A major strength of the story is the speaker’s voice, rich in local dialect, which also reveals him as uneducated and self-righteous. A proud man, he feels himself betrayed by everything in which he has believed. Clearly, he is a man overwhelmed by a growing movement he does not comprehend and cannot prevent. By allowing this narrator to tell his own story, Welty does not treat him as a stereotypical villain but presents him with understanding and even a certain level of compassion.
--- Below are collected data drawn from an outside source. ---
(* Let $G=(V,E,w)$ be a connected undirected graph with positive edge weights $w:E\to\mathbb{R}_{+}$, let $v\in V$, and let $E_v$ be a set of node pairs $\{u,v\}$ with $u\neq v$ and $\{u,v\}\notin E$ (candidate edges incident to $v$), each $e\in E_v$ having a given positive weight $w(e)$. For $S\subseteq E_v$ let $\mathcal{R}(S)$ denote the resistance distance of $v$ in the augmented graph $G(S)$. Then $\mathcal{R}$ is monotonically decreasing: for any subsets $S\subsetneq T\subseteq E_v$, $$\mathcal{R}(T)<\mathcal{R}(S).$$
   Context: For a connected weighted graph $H$ on node set $V$ with $|V|=n$, its Laplacian is $\mathbf{L}=\mathbf{D}-\mathbf{A}$, where $\mathbf{A}$ is the weighted adjacency matrix and $\mathbf{D}$ the diagonal matrix of weighted degrees; $\mathbf{L}^\dagger$ denotes its Moore–Penrose pseudoinverse. For nodes $a,b$ let $\mathbf{b}_{a,b}=\mathbf{e}_a-\mathbf{e}_b$ (standard basis vectors). The resistance distance between $a$ and $b$ is $\mathcal{R}_{ab}=\mathbf{b}_{a,b}^\top\mathbf{L}^\dagger\mathbf{b}_{a,b}$, and the resistance distance of node $v$ is $\mathcal{R}_v=\sum_{u\in V}\mathcal{R}_{uv}$. For $S\subseteq E_v$, $G(S)=(V,E\cup S,w')$ is the graph obtained by adding the edges of $S$ with their given weights (weights of edges in $E$ unchanged). *)

theory Defs
  imports "HOL-Analysis.Analysis"
begin

text \<open>Nodes are the elements of a finite type 'n (so V = UNIV). An undirected edge is a
  two-element node set; a weight function w assigns weights to such sets.
  Matrices are real^'n^'n.\<close>

definition is_edge :: "'n set \<Rightarrow> bool" where
  "is_edge e \<longleftrightarrow> (\<exists>a b. a \<noteq> b \<and> e = {a, b})"

definition adj_mat :: "'n::finite set set \<Rightarrow> ('n set \<Rightarrow> real) \<Rightarrow> real^'n^'n" where
  "adj_mat F w = (\<chi> a b. if a \<noteq> b \<and> {a, b} \<in> F then w {a, b} else 0)"

definition laplacian :: "'n::finite set set \<Rightarrow> ('n set \<Rightarrow> real) \<Rightarrow> real^'n^'n" where
  "laplacian F w = (\<chi> a b. (if a = b then (\<Sum>c\<in>UNIV. adj_mat F w $ a $ c) else 0)
                           - adj_mat F w $ a $ b)"

definition pinv :: "real^'n^'n \<Rightarrow> real^'n^'n" where
  "pinv A = (THE X. A ** X ** A = A \<and> X ** A ** X = X \<and>
                    transpose (A ** X) = A ** X \<and> transpose (X ** A) = X ** A)"

definition bvec :: "'n::finite \<Rightarrow> 'n \<Rightarrow> real^'n" where
  "bvec a b = axis a 1 - axis b 1"

definition resistance :: "'n::finite set set \<Rightarrow> ('n set \<Rightarrow> real) \<Rightarrow> 'n \<Rightarrow> 'n \<Rightarrow> real" where
  "resistance F w a b = bvec a b \<bullet> (pinv (laplacian F w) *v bvec a b)"

definition node_resistance :: "'n::finite set set \<Rightarrow> ('n set \<Rightarrow> real) \<Rightarrow> 'n \<Rightarrow> real" where
  "node_resistance F w v = (\<Sum>u\<in>UNIV. resistance F w u v)"

definition connected_graph :: "'n set set \<Rightarrow> bool" where
  "connected_graph F \<longleftrightarrow> (\<forall>a b. (a, b) \<in> {(x, y). {x, y} \<in> F}\<^sup>*)"

end

theory Submission
  imports Defs
begin

(* The resistance R_F(a,b) = b \<bullet> y, with b = e_a - e_b and potential y = L_F\<^sup>+ b, also equals
   the energy y \<bullet> L_F y, because L_F y = b on a connected graph.  If z is the potential after
   adding a set D of new edges, expanding 0 \<le> (z - y) \<bullet> L_F (z - y) with L_(F \<union> D) = L_F + L_D
   gives R_(F \<union> D)(a,b) + z \<bullet> L_D z \<le> R_F(a,b) (Rayleigh monotonicity).  When {a,b} \<in> D the
   extra energy is at least w{a,b} R_(F \<union> D)(a,b)\<^sup>2 > 0, so the resistance between v and the
   other end of an added edge drops strictly, and summing over all nodes gives the theorem. *)

lemma connected_graph_mono:
  assumes "connected_graph E" and "E \<subseteq> F"
  shows "connected_graph F"
proof -
  have "{(x, y). {x, y} \<in> E} \<subseteq> {(x, y). {x, y} \<in> F}" using assms(2) by auto
  then show ?thesis using assms(1) rtrancl_mono unfolding connected_graph_def by blast
qed

lemma adj_mat_commute: "adj_mat F w $ a $ b = adj_mat F w $ b $ a"
  by (simp add: adj_mat_def insert_commute)

lemma adj_mat_nonneg: "\<forall>e\<in>F. w e \<ge> 0 \<Longrightarrow> adj_mat F w $ a $ b \<ge> 0"
  by (auto simp: adj_mat_def)

lemma adj_mat_union: "D \<inter> F = {} \<Longrightarrow> adj_mat (F \<union> D) w = adj_mat F w + adj_mat D w"
  by (auto simp: adj_mat_def vec_eq_iff)

lemma laplacian_union: "D \<inter> F = {} \<Longrightarrow> laplacian (F \<union> D) w = laplacian F w + laplacian D w"
  by (simp add: laplacian_def adj_mat_union vec_eq_iff sum.distrib)

lemma laplacian_mult_vec:
  "(laplacian F w *v x) $ a = (\<Sum>c\<in>UNIV. adj_mat F w $ a $ c * (x $ a - x $ c))"
proof -
  have "(laplacian F w *v x) $ a =
      (\<Sum>c\<in>UNIV. if a = c then (\<Sum>d\<in>UNIV. adj_mat F w $ a $ d) * x $ c else 0)
      - (\<Sum>c\<in>UNIV. adj_mat F w $ a $ c * x $ c)"
    unfolding matrix_vector_mult_def vec_lambda_beta sum_subtractf[symmetric]
    by (rule sum.cong) (auto simp: laplacian_def left_diff_distrib)
  then show ?thesis
    by (simp add: sum.delta sum_distrib_right right_diff_distrib sum_subtractf)
qed

lemma laplacian_mult_const:
  assumes "\<And>a b. x $ a = x $ b"
  shows "laplacian F w *v x = 0"
proof -
  have "(laplacian F w *v x) $ a = 0" for a
    unfolding laplacian_mult_vec by (rule sum.neutral) (metis assms diff_self mult_zero_right)
  then show ?thesis by (simp add: vec_eq_iff)
qed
The credibility of the story is increased by passing references to historical persons, including Governor Ross Barnett of Mississippi; Caroline Kennedy, the young daughter of then-president John F. Kennedy; and James Meredith, the African American student whose enrollment integrated the University of Mississippi. In addition, sensory details are plentiful. When the narrator describes his early morning journey to Summers’s neighborhood, he offers a litany of typical street and business names, locating the familiar railroad tracks and the lighted bank sign that gives the time and temperature. He notes the brutal heat, even at night; the intense emotional pressure that he experiences; and his sudden relief when Roland Summers falls.
Perhaps the most obvious symbol is the gun. Although the gun bestows temporary power on a powerless man, the narrator tells his wife that he threw his rifle in the weeds because the barrel was scorching hot and because there was really nothing worth holding on to anymore. At the story’s end, he has replaced the gun with his old guitar, an enduring part of his own past, while he plays and sings “a-Down” to comfort himself—a mindless refrain and a foreshadowing, for now he, not Roland Summers, is going down.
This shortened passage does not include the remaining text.